Work to complete – When you find the line with "using assms(1) by (simp add: is_CTS_def)" among the records below, reproduce it and each line after it exactly, ending with the line with "case (Suc k)".
+++ Information +++
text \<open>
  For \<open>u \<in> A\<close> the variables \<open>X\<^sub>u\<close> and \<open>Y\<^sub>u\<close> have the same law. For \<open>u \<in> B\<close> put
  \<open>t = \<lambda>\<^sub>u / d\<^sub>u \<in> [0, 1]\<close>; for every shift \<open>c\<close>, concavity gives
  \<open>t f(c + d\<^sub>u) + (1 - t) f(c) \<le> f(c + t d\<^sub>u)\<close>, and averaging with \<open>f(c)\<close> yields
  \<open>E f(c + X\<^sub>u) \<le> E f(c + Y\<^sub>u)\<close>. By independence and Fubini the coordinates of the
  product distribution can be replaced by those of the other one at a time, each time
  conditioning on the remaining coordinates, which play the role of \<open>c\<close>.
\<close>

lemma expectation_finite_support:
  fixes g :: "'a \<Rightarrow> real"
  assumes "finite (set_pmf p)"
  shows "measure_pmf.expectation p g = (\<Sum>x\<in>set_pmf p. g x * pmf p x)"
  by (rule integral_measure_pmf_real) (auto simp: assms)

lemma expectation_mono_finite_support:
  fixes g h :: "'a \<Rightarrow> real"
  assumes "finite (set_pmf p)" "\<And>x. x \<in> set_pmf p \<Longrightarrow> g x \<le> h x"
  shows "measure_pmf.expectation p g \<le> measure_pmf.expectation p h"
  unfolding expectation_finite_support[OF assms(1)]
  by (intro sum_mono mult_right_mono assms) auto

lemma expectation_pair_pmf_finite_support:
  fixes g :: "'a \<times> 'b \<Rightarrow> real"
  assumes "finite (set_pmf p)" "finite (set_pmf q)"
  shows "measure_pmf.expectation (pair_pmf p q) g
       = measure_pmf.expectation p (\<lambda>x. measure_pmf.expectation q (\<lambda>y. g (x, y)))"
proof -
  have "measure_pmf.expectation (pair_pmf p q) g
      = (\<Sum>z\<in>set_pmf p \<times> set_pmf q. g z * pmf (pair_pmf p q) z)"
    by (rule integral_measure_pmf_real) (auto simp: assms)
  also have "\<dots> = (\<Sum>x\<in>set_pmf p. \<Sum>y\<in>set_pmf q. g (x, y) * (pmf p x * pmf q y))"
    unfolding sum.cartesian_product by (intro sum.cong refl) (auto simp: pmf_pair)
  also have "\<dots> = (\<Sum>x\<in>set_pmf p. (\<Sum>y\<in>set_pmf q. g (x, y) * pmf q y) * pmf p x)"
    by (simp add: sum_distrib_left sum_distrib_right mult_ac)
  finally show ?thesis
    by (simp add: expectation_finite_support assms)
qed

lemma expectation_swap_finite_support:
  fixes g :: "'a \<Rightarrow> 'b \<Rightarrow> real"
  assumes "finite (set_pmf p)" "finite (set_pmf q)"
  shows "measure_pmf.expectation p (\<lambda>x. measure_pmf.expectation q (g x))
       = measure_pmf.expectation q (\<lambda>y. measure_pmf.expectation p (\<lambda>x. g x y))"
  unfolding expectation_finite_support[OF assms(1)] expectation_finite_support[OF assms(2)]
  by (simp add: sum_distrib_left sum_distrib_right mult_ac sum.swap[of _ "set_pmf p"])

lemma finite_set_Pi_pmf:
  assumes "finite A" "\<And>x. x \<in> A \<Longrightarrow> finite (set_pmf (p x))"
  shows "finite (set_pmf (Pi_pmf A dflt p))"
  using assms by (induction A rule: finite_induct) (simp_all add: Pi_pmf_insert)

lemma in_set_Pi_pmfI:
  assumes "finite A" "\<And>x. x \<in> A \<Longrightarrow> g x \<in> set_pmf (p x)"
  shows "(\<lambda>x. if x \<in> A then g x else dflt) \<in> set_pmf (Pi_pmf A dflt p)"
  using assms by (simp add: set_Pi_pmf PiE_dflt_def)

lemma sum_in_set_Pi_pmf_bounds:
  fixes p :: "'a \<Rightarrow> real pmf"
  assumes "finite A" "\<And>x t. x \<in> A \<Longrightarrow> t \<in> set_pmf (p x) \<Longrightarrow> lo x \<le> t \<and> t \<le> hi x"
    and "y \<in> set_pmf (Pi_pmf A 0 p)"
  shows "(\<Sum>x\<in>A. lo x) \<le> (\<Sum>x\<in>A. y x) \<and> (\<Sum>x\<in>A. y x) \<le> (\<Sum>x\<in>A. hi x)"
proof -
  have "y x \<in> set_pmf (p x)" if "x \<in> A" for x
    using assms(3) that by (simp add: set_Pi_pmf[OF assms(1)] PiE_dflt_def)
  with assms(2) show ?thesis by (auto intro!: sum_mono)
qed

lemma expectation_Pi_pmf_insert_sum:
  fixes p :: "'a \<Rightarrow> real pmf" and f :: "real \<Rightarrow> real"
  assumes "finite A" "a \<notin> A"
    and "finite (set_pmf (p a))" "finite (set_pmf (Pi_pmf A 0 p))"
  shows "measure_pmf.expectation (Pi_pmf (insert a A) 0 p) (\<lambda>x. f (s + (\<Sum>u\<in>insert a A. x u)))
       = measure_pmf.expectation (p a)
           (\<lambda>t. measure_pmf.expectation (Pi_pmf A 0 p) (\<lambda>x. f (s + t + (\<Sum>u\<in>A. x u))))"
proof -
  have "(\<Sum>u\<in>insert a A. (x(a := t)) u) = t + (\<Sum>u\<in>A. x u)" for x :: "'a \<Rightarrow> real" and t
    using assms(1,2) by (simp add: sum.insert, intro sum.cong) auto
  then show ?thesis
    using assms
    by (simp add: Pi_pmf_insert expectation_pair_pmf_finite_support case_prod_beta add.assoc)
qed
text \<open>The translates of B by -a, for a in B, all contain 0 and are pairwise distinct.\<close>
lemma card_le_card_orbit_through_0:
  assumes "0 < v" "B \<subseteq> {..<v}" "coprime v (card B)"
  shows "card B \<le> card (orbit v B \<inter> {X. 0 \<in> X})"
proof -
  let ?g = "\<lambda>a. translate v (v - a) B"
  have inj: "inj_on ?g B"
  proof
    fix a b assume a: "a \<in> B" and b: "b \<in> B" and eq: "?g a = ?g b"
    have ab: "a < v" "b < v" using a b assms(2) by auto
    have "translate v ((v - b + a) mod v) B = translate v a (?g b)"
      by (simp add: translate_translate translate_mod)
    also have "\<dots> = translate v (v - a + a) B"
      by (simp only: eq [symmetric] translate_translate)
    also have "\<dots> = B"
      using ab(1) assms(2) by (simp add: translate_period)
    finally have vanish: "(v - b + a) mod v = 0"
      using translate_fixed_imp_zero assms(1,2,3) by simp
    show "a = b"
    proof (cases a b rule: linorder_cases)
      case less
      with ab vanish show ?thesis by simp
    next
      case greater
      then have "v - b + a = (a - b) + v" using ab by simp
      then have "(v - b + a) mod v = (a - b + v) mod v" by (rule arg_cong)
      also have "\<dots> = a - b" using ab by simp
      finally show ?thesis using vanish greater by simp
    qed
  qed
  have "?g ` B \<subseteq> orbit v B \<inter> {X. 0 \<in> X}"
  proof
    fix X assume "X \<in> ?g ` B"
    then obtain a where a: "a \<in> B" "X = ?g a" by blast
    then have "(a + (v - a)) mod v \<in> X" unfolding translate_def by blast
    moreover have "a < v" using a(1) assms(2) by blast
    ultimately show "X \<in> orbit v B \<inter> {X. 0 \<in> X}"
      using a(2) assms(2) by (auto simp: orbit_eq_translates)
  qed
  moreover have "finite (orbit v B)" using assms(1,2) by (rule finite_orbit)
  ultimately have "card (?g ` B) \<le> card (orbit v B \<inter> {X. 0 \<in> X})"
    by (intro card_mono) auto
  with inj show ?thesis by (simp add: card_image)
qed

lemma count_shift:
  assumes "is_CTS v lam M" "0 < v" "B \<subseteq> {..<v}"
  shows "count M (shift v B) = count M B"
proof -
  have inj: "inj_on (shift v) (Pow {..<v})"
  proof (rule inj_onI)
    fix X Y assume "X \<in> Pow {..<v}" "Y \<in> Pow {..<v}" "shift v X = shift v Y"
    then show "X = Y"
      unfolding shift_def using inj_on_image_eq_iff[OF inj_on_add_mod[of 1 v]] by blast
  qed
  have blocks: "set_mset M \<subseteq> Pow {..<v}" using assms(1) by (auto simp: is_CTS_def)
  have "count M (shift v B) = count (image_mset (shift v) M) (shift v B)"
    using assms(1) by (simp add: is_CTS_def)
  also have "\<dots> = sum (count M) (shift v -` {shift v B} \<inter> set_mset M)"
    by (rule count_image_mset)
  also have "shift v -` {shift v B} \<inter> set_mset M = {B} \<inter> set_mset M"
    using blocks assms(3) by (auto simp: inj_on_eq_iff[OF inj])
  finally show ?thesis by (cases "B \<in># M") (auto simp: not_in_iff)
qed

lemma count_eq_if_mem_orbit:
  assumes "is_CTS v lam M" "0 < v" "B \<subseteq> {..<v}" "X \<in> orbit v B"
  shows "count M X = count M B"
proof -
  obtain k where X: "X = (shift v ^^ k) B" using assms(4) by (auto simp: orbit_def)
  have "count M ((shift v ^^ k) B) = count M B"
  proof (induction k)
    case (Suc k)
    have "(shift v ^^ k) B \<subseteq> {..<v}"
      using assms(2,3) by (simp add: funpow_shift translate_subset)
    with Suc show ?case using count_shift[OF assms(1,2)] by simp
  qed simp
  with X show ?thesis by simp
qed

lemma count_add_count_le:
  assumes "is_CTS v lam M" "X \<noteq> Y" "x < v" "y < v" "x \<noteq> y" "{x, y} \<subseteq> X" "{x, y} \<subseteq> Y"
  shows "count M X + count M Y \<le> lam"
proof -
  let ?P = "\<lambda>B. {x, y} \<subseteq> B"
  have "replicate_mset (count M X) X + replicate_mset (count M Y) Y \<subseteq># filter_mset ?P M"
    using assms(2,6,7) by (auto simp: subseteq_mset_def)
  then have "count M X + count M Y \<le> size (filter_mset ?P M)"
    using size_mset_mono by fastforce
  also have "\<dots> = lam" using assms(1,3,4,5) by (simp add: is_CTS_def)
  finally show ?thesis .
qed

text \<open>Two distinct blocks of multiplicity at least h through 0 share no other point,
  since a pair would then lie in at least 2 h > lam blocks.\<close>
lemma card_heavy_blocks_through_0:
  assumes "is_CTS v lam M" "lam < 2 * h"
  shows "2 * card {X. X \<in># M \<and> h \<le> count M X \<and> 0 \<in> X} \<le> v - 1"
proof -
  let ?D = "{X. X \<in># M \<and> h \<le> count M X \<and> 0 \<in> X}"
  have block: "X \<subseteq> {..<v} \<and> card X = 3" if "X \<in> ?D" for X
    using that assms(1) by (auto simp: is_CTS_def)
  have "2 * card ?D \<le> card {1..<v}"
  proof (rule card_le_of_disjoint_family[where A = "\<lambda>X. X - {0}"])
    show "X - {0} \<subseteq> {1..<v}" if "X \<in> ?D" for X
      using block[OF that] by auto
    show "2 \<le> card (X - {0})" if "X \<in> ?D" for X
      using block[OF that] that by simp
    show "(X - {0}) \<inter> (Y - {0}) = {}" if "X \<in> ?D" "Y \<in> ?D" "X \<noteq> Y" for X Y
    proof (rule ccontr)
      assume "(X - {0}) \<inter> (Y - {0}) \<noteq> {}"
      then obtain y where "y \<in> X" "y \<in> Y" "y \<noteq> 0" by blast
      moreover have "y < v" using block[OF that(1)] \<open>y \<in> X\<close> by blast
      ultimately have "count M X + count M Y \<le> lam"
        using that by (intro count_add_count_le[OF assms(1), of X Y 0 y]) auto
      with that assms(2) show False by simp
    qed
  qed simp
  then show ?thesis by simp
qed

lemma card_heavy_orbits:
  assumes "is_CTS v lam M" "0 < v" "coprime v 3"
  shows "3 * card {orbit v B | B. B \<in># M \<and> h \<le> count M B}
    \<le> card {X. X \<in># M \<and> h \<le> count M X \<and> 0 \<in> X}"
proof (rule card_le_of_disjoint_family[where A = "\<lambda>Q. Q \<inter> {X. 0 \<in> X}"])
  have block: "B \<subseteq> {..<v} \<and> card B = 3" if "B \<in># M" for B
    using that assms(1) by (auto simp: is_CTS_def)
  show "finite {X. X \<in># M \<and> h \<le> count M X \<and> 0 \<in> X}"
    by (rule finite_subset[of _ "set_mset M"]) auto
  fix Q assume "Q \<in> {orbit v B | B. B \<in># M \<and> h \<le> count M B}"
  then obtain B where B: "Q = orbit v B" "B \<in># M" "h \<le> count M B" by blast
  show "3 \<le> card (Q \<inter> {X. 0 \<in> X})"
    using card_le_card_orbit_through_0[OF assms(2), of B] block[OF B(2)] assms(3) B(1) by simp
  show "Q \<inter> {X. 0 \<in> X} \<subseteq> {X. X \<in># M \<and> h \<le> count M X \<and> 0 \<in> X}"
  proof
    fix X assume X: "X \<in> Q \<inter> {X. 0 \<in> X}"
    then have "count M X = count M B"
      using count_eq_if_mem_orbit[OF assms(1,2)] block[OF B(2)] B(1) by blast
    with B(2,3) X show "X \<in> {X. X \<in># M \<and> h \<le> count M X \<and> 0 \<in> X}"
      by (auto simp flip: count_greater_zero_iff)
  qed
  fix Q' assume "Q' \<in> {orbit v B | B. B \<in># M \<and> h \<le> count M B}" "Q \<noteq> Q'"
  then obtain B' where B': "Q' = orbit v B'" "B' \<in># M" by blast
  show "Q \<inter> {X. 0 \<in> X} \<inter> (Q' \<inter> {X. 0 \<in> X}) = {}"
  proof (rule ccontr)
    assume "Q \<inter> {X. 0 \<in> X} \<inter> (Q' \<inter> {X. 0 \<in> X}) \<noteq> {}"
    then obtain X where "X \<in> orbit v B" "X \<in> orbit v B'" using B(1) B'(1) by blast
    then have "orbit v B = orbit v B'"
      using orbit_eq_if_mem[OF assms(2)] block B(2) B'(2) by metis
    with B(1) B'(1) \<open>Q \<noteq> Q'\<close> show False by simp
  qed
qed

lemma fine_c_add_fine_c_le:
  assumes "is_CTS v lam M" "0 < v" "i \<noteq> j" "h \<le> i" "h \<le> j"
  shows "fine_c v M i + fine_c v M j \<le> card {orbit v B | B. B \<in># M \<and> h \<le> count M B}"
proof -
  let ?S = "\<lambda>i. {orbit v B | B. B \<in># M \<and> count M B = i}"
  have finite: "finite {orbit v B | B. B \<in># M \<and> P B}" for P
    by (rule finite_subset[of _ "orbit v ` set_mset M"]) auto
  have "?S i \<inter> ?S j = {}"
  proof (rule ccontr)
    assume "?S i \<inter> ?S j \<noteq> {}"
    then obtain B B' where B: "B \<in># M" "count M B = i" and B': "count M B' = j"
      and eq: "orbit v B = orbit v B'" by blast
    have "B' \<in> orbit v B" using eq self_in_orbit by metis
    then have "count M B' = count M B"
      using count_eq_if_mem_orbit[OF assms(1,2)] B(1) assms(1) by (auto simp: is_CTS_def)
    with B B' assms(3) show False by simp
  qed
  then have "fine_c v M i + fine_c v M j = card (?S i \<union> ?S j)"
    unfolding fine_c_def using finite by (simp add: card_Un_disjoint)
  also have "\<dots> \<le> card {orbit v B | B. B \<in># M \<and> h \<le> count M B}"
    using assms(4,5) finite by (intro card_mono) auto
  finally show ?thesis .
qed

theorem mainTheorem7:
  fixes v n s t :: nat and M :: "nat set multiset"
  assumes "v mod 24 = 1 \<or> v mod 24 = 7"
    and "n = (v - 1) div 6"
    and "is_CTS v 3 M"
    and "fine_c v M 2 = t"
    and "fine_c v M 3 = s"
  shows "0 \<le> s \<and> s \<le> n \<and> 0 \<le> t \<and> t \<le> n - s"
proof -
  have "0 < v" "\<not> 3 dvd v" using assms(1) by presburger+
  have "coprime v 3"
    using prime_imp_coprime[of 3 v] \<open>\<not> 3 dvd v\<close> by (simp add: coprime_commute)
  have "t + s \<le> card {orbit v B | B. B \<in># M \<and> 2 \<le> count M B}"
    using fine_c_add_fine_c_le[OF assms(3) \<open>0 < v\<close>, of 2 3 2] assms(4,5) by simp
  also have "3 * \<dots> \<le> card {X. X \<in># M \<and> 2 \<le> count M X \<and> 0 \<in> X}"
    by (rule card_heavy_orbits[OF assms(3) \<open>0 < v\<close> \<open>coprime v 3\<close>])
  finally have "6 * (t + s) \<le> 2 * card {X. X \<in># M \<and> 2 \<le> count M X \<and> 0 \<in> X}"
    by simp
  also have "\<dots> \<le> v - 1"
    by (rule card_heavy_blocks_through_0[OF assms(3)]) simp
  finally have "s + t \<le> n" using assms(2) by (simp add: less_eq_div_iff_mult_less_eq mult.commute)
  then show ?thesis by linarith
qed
+++
Answer to the exercise –
    using assms(1) by (simp add: is_CTS_def)
  also have "\<dots> = sum (count M) (shift v -` {shift v B} \<inter> set_mset M)"
    by (rule count_image_mset)
  also have "shift v -` {shift v B} \<inter> set_mset M = {B} \<inter> set_mset M"
    using blocks assms(3) by (auto simp: inj_on_eq_iff[OF inj])
  finally show ?thesis by (cases "B \<in># M") (auto simp: not_in_iff)
qed

lemma count_eq_if_mem_orbit:
  assumes "is_CTS v lam M" "0 < v" "B \<subseteq> {..<v}" "X \<in> orbit v B"
  shows "count M X = count M B"
proof -
  obtain k where X: "X = (shift v ^^ k) B" using assms(4) by (auto simp: orbit_def)
  have "count M ((shift v ^^ k) B) = count M B"
  proof (induction k)
    case (Suc k)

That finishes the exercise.